Switch to organic milk could boost omega-3 daily intake
Recently GMWatch published an article about unexpected effects from long-chain omega-3 fatty acids, such as are being genetically engineered into oilseed crops like camelina and canola. The oils produced wing deformities in the cabbage white butterfly.
Naturally sourced omega-3 oils don’t pose a health risk to humans – in fact they are good for us. Fish oils and oils derived from algae are the major natural sources of long-chain omega-3 fatty acids in the human diet. Many people take supplements of these oils to boost their health status.
In the aquaculture industry, fish are fed fish oils to provide them with enough omega-3 fatty acids to keep them healthy.

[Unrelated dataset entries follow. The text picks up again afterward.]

lemma sum_count_list_eq_length_filter:
  assumes "finite T"
  shows "(\<Sum>v\<in>T. count_list p v) = length (filter (\<lambda>x. x \<in> T) p)"
proof (induction p)
  case (Cons x p)
  have "(\<Sum>v\<in>T. count_list (x # p) v) = (\<Sum>v\<in>T. (if x = v then 1 else 0) + count_list p v)"
    by (rule sum.cong) auto
  also have "\<dots> = (\<Sum>v\<in>T. if x = v then 1 else 0) + (\<Sum>v\<in>T. count_list p v)"
    by (rule sum.distrib)
  finally show ?case using Cons assms by (simp add: sum.delta)
qed simp

lemma flow_value_eq_sum_load:
  assumes "finite T" and "is_flow V E s t \<eta> \<phi>"
    and "\<forall>p\<in>st_paths E s t. length (filter (\<lambda>x. x \<in> T) p) = 1"
  shows "flow_value \<phi> = (\<Sum>v\<in>T. load \<phi> v)"
proof -
  have "(\<Sum>v\<in>T. load \<phi> v) = (\<Sum>p\<in>supp \<phi>. (\<Sum>v\<in>T. count_list p v) * \<phi> p)"
    unfolding load_def by (subst sum.swap) (simp add: sum_distrib_right)
  also have "\<dots> = (\<Sum>p\<in>supp \<phi>. \<phi> p)"
  proof (rule sum.cong)
    fix p assume "p \<in> supp \<phi>"
    with assms(2,3) have "length (filter (\<lambda>x. x \<in> T) p) = 1" by (auto simp: is_flow_def)
    then show "(\<Sum>v\<in>T. count_list p v) * \<phi> p = \<phi> p"
      by (simp add: sum_count_list_eq_length_filter[OF assms(1)])
  qed simp
  finally show ?thesis by (simp add: flow_value_def)
qed

lemma saturated_if_residual_zero:
  assumes "is_flow V E s t \<eta> \<phi>" and "v \<in> V" and "residual \<eta> \<phi> v = 0"
  shows "\<eta> v = enat (load \<phi> v)"
proof -
  from assms have "enat (load \<phi> v) \<le> \<eta> v" and "\<eta> v - enat (load \<phi> v) = 0"
    by (simp_all add: is_flow_def residual_def)
  then show ?thesis by (cases "\<eta> v") (simp_all add: zero_enat_def)
qed

lemma max_flow_le_inhibiting_flow_value:
  assumes "finite V" and no_return: "\<forall>T. mvs V E s t T \<longrightarrow> \<not> walk_returns E T"
    and inhibits: "inhibits V E s t \<eta> \<phi>"
  shows "max_flow V E s t \<eta> \<le> enat (flow_value \<phi>)"
proof -
  have flow: "is_flow V E s t \<eta> \<phi>" and dead: "dead V E s t (residual \<eta> \<phi>)"
    using inhibits by (simp_all add: inhibits_def)
  define Z where "Z = {v\<in>V. residual \<eta> \<phi> v = 0}"
  have "finite Z" using \<open>finite V\<close> unfolding Z_def by (rule finite_subset[rotated]) blast
  moreover have "vertex_separator V E s t Z" unfolding Z_def by (rule separator_if_dead[OF dead])
  ultimately obtain T where "T \<subseteq> Z" and mvs: "mvs V E s t T"
    using mvs_exists_subset by metis
  have "finite T" using \<open>T \<subseteq> Z\<close> \<open>finite Z\<close> by (rule finite_subset)
  from no_return mvs have "\<not> walk_returns E T" by blast
  then have once: "\<forall>p\<in>st_paths E s t. length (filter (\<lambda>x. x \<in> T) p) = 1"
    using mvs_meets_st_path_once[OF mvs] by blast
  have saturated: "\<eta> v = enat (load \<phi> v)" "v \<in> V" if "v \<in> T" for v
    using that \<open>T \<subseteq> Z\<close> saturated_if_residual_zero[OF flow] by (auto simp: Z_def)
  have "flow_value \<psi> \<le> flow_value \<phi>" if "is_flow V E s t \<eta> \<psi>" for \<psi>
  proof -
    have "flow_value \<psi> = (\<Sum>v\<in>T. load \<psi> v)"
      using flow_value_eq_sum_load[OF \<open>finite T\<close> that once] .
    also have "\<dots> \<le> (\<Sum>v\<in>T. load \<phi> v)"
    proof (rule sum_mono)
      fix v assume "v \<in> T"
      with that saturated(2) have "enat (load \<psi> v) \<le> \<eta> v" by (simp add: is_flow_def)
      with saturated(1)[OF \<open>v \<in> T\<close>] show "load \<psi> v \<le> load \<phi> v" by simp
    qed
    also have "\<dots> = flow_value \<phi>"
      using flow_value_eq_sum_load[OF \<open>finite T\<close> flow once] by simp
    finally show ?thesis .
  qed
  then show ?thesis unfolding max_flow_def by (intro SUP_least) simp
qed

lemma min_flow_eq_max_flow:
  assumes "finite V" and "\<forall>T. mvs V E s t T \<longrightarrow> \<not> walk_returns E T"
  shows "min_flow V E s t \<eta> = max_flow V E s t \<eta>"
proof (rule antisym)
  show "max_flow V E s t \<eta> \<le> min_flow V E s t \<eta>"
    unfolding min_flow_def using max_flow_le_inhibiting_flow_value[OF assms]
    by (intro INF_greatest) simp
qed (rule min_flow_le_max_flow)

lemma weak_if_path_covers_two_paths:
  assumes sep: "vertex_separator V E s t T" and "s \<notin> T" and "t \<notin> T"
    and q: "q \<in> st_paths E s t" and p: "p \<in> st_paths E s t" and p': "p' \<in> st_paths E s t"
    and covers: "\<forall>v\<in>T. count_list p v + count_list p' v \<le> count_list q v"
  shows "weak V E s t"
proof -
  define \<eta> where "\<eta> v = (if v = s \<or> v = t then \<infinity>
      else enat (count_list q v + (if v \<in> T then 0 else count_list p v + count_list p' v)))" for v
  have "channel V s t \<eta>" by (simp add: channel_def \<eta>_def)
  have "is_flow V E s t \<eta> (path_flow [q])"
    using q by (auto simp: is_flow_def load_path_flow \<eta>_def)
  moreover have "dead V E s t (residual \<eta> (path_flow [q]))"
    using sep \<open>s \<notin> T\<close> \<open>t \<notin> T\<close>
    by (intro dead_if_separator_zero) (auto simp: residual_def load_path_flow \<eta>_def zero_enat_def)
  ultimately have "min_flow V E s t \<eta> \<le> enat 1"
    using min_flow_le_flow_value[of V E s t \<eta> "path_flow [q]"] by (simp add: inhibits_def)
  have "is_flow V E s t \<eta> (path_flow [p, p'])"
    using p p' covers by (auto simp: is_flow_def load_path_flow \<eta>_def)
  then have "enat 2 \<le> max_flow V E s t \<eta>"
    using flow_value_le_max_flow[of V E s t \<eta> "path_flow [p, p']"] by (simp add: numeral_2_eq_2)
  moreover have "\<not> enat 2 \<le> enat 1" by simp
  ultimately have "min_flow V E s t \<eta> \<noteq> max_flow V E s t \<eta>"
    using \<open>min_flow V E s t \<eta> \<le> enat 1\<close> by (metis order.trans)
  with \<open>channel V s t \<eta>\<close> show ?thesis unfolding weak_def by blast
qed

lemma count_list_walk_ends:
  assumes "is_walk E w" and "length w \<ge> 2" and "hd w = a" and "last w = b"
  shows "(if v = a then 1 else 0) + (if v = b then 1 else 0) \<le> count_list w v"
proof -
  have w: "w = a # tl w" using assms(2,3) by (cases w) auto
  have "tl w \<noteq> []" using assms(2) by (cases w) auto
  with w assms(4) have "b \<in> set (tl w)" by (metis last_ConsR last_in_set)
  then have "(if v = b then 1 else 0) \<le> count_list (tl w) v"
    using count_list_0_iff[of "tl w" b] by (auto simp: Suc_le_eq)
  then show ?thesis by (subst w) simp
qed

lemma is_walk_first_last_edge:
  assumes "is_walk E w" and "length w \<ge> 2"
  shows "(hd w, w ! 1) \<in> E" and "(w ! (length w - 2), last w) \<in> E"
proof -
  have step: "(w ! i, w ! Suc i) \<in> E" if "i < length w - 1" for i
    using assms(1) that by (simp add: is_walk_def)
  show "(hd w, w ! 1) \<in> E"
    using step[of 0] assms(2) hd_conv_nth[of w] by force
  have "Suc (length w - 2) = length w - 1" using assms(2) by arith
  then show "(w ! (length w - 2), last w) \<in> E"
    using step[of "length w - 2"] assms(2) last_conv_nth[of w] by force
qed

text \<open>Every channel is infinite at \<open>s\<close> and \<open>t\<close>, so the construction below needs \<open>T\<close> to
  avoid them: \<open>{s}\<close> and \<open>{t}\<close> are separators, and no walk enters \<open>s\<close> or leaves \<open>t\<close>.\<close>

lemma mvs_walk_ends_avoid_endpoints:
  assumes G: "st_graph V E s t" and mvs: "mvs V E s t T" and "a \<in> T" and "b \<in> T"
    and w: "is_walk E w" "length w \<ge> 2" "hd w = a" "last w = b"
  shows "s \<notin> T" and "t \<notin> T"
proof -
  have "\<forall>p\<in>st_paths E s t. s \<in> set p \<and> t \<in> set p" by (auto simp: st_paths_def is_walk_def)
  then have "s \<in> T \<Longrightarrow> b = s" and "t \<in> T \<Longrightarrow> a = t"
    using mvs_eq_singleton[OF mvs] \<open>a \<in> T\<close> \<open>b \<in> T\<close> by blast+
  with is_walk_first_last_edge[OF w(1,2)] w(3,4) G show "s \<notin> T" and "t \<notin> T"
    by (auto simp: st_graph_def)
qed

lemma weak_if_mvs_walk_returns:
  assumes G: "st_graph V E s t" and mvs: "mvs V E s t T" and "walk_returns E T"
  shows "weak V E s t"
proof -
  obtain a b w where "a \<in> T" "b \<in> T"
    and w: "is_walk E w" "length w \<ge> 2" "hd w = a" "last w = b"
    using assms(3) unfolding walk_returns_def by blast
  note avoid = mvs_walk_ends_avoid_endpoints[OF G mvs \<open>a \<in> T\<close> \<open>b \<in> T\<close> w]
  obtain ua va where pa: "ua @ a # va \<in> st_paths E s t"
    and count_pa: "\<forall>v\<in>T. count_list (ua @ a # va) v = (if v = a then 1 else 0)"
    using mvs_private_path[OF mvs \<open>a \<in> T\<close>] by blast
  obtain ub vb where pb: "ub @ b # vb \<in> st_paths E s t"
    and count_pb: "\<forall>v\<in>T. count_list (ub @ b # vb) v = (if v = b then 1 else 0)"
    using mvs_private_path[OF mvs \<open>b \<in> T\<close>] by blast
  have q: "ua @ w @ vb \<in> st_paths E s t"
    using st_paths_through_walk[OF pa pb w(1) w(3) w(4)] .
  have covers: "count_list (ua @ a # va) v + count_list (ub @ b # vb) v
      \<le> count_list (ua @ w @ vb) v" if "v \<in> T" for v
  proof -
    have "count_list (ua @ a # va) v + count_list (ub @ b # vb) v
        = (if v = a then 1 else 0) + (if v = b then 1 else 0)"
      using that by (simp only: count_pa count_pb)
    also have "\<dots> \<le> count_list w v" by (rule count_list_walk_ends[OF w])
    also have "\<dots> \<le> count_list (ua @ w @ vb) v" by simp
    finally show ?thesis .
  qed
  have "vertex_separator V E s t T" using mvs by (simp add: mvs_def)
  from weak_if_path_covers_two_paths[OF this avoid q pa pb] covers
  show ?thesis by blast
qed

The new GM crops are being promoted based on claims that they can provide a human health supplement and reduce pressure on wild fish stocks.
However, we’ve been reminded that for humans, there is another useful dietary source of long-chain omega-3 fatty acids – organic dairy products.
A landmark paper published this year in the British Journal of Nutrition concluded that organically produced milk has significantly higher concentrations of total omega-3 fatty acids than non-organic milk, including over 50% more of the nutritionally desirable long-chain omega-3 fatty acids.
The impact isn’t huge, but it is significant. A switch to consuming organic milk could contribute to increasing long-chain omega-3 intake without adding to milk fat or calorie intake. The researchers estimated that consuming half a litre of conventional full fat milk (or equivalent dairy products) would supply 11% of the recommended daily intake of long-chain omega-3 fatty acids and this would rise to 16% with organic milk.